At the 2005 WERA-066 meeting, it was determined that there was a pressing need for specific guidelines to be set and followed when screening for resistance to Russian wheat aphid. These guidelines were published in the 2005 WERA-066 Annual Meeting Minutes, which are available at the following link:
http://www.oznet.ksu.edu/entomology/wera-066/WERA-066report.pdf.
Included in the guidelines were recommendations for establishing set plant differentials for use as screening tools, thereby eliminating one of the obvious sources of variability in our screening techniques. In order to standardize the seed source, we determined that these plant differentials would be available to RWA researchers via Stillwater USDA-ARS, as soon as sufficient seed is available. We hope that enough seed will be available for small screening tests, and if larger amounts of seed are required for an individual program, then starter seed can be obtained from Stillwater, and seed can then be increased as needed at the various locations. In order to establish this uniform set of differentials, the suggested differential lines were screened for homogeneity for RWA1 resistance, and plants were then grown and harvested with an eye for uniform maturity, height, and other observable characteristics. Off-types were discarded. Progeny screening will be done prior to further increases.

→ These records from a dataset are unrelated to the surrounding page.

lemma closed_bounded_pair_atMost:
  fixes f h :: "real \<Rightarrow> real"
  assumes f: "continuous_on {..T} f" and h: "continuous_on {..T} h" and "T' \<le> T"
  shows "closed {t. t \<le> T' \<and> \<bar>f t\<bar> \<le> r1 \<and> \<bar>h t\<bar> \<le> r2}"
proof -
  \<comment> \<open>freezing the functions beyond \<open>T\<close> makes them continuous on all of \<open>\<real>\<close>\<close>
  have "continuous_on UNIV (\<lambda>t. \<bar>f (min t T)\<bar>)" "continuous_on UNIV (\<lambda>t. \<bar>h (min t T)\<bar>)"
    by (intro continuous_intros continuous_on_compose2[OF f] continuous_on_compose2[OF h];
        auto intro!: continuous_intros)+
  then have "closed ({t. t \<le> T'} \<inter> {t. \<bar>f (min t T)\<bar> \<le> r1} \<inter> {t. \<bar>h (min t T)\<bar> \<le> r2})"
    by (intro closed_Int closed_Collect_le) (auto intro: continuous_intros)
  moreover have "{t. t \<le> T' \<and> \<bar>f t\<bar> \<le> r1 \<and> \<bar>h t\<bar> \<le> r2} =
      {t. t \<le> T'} \<inter> {t. \<bar>f (min t T)\<bar> \<le> r1} \<inter> {t. \<bar>h (min t T)\<bar> \<le> r2}"
    using \<open>T' \<le> T\<close> by (auto simp: min_def)
  ultimately show ?thesis by simp
qed

lemma closed_real_gap_around:
  fixes S :: "real set"
  assumes S: "closed S" and t: "t \<notin> S" and l: "l \<in> S" "l \<le> t" and u: "u \<in> S" "t \<le> u"
  obtains z1 z2 where "z1 \<in> S" "z2 \<in> S" "z1 < t" "t < z2" "z2 \<le> u"
    "\<And>s. z1 < s \<Longrightarrow> s < z2 \<Longrightarrow> s \<notin> S"
proof -
  define z1 where "z1 = Sup (S \<inter> {..t})"
  define z2 where "z2 = Inf (S \<inter> {t..})"
  have bdd: "bdd_above (S \<inter> {..t})" "bdd_below (S \<inter> {t..})" by (auto intro: bdd_aboveI bdd_belowI)
  have ne: "S \<inter> {..t} \<noteq> {}" "S \<inter> {t..} \<noteq> {}" using l u by auto
  have cl: "closed (S \<inter> {..t})" "closed (S \<inter> {t..})" using S by (auto intro: closed_Int)
  have "z1 \<in> S \<inter> {..t}" "z2 \<in> S \<inter> {t..}"
    unfolding z1_def z2_def
    by (rule closed_contains_Sup[OF ne(1) bdd(1) cl(1)], rule closed_contains_Inf[OF ne(2) bdd(2) cl(2)])
  moreover have "z2 \<le> u" unfolding z2_def using u bdd by (intro cInf_lower) auto
  moreover have "s \<notin> S" if "z1 < s" "s < z2" for s
    using cSup_upper[OF _ bdd(1), of s] cInf_lower[OF _ bdd(2), of s] that
    unfolding z1_def z2_def by (cases "s \<le> t") auto
  ultimately show ?thesis using that t by (metis Int_iff atLeast_iff atMost_iff order_le_less)
qed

In addition, it was determined that Stillwater ARS would be the official source for the RWA1 biotype and Colorado State University would be the official source for RWA2. When research is to be done with either of these biotypes, it would be advantageous to know that we are all working with the same aphids and not relying on new field collections of aphids. For example, if a new RWA collection is virulent on Dn4 wheat, it must be noted that it does not logically follow that the new aphid is RWA2- it merely confirms that it is not RWA1. Other additional biotypes have been collected that are also virulent on Dn4, so the use of a small number of differentials may not successfully distinguish between biotypes.
We have continued with the development of our breeding lines that are resistant to RWA1. Even though they may not be useful as germ plasm or cultivar releases in the near future with the current prevalence of RWA2, different sources of RWA1 resistance that are due to different genes may provide additional differentials for screening against new RWA biotypes that may develop.
In addition, screening current breeding lines for resistance to RWA2 also is underway, as space and
conditions allow. Several of our winter breeding lines containing Dn7 appear to be resistant to all of the RWA biotypes
against which they have been tested. A germ plasm release is planned for this autumn.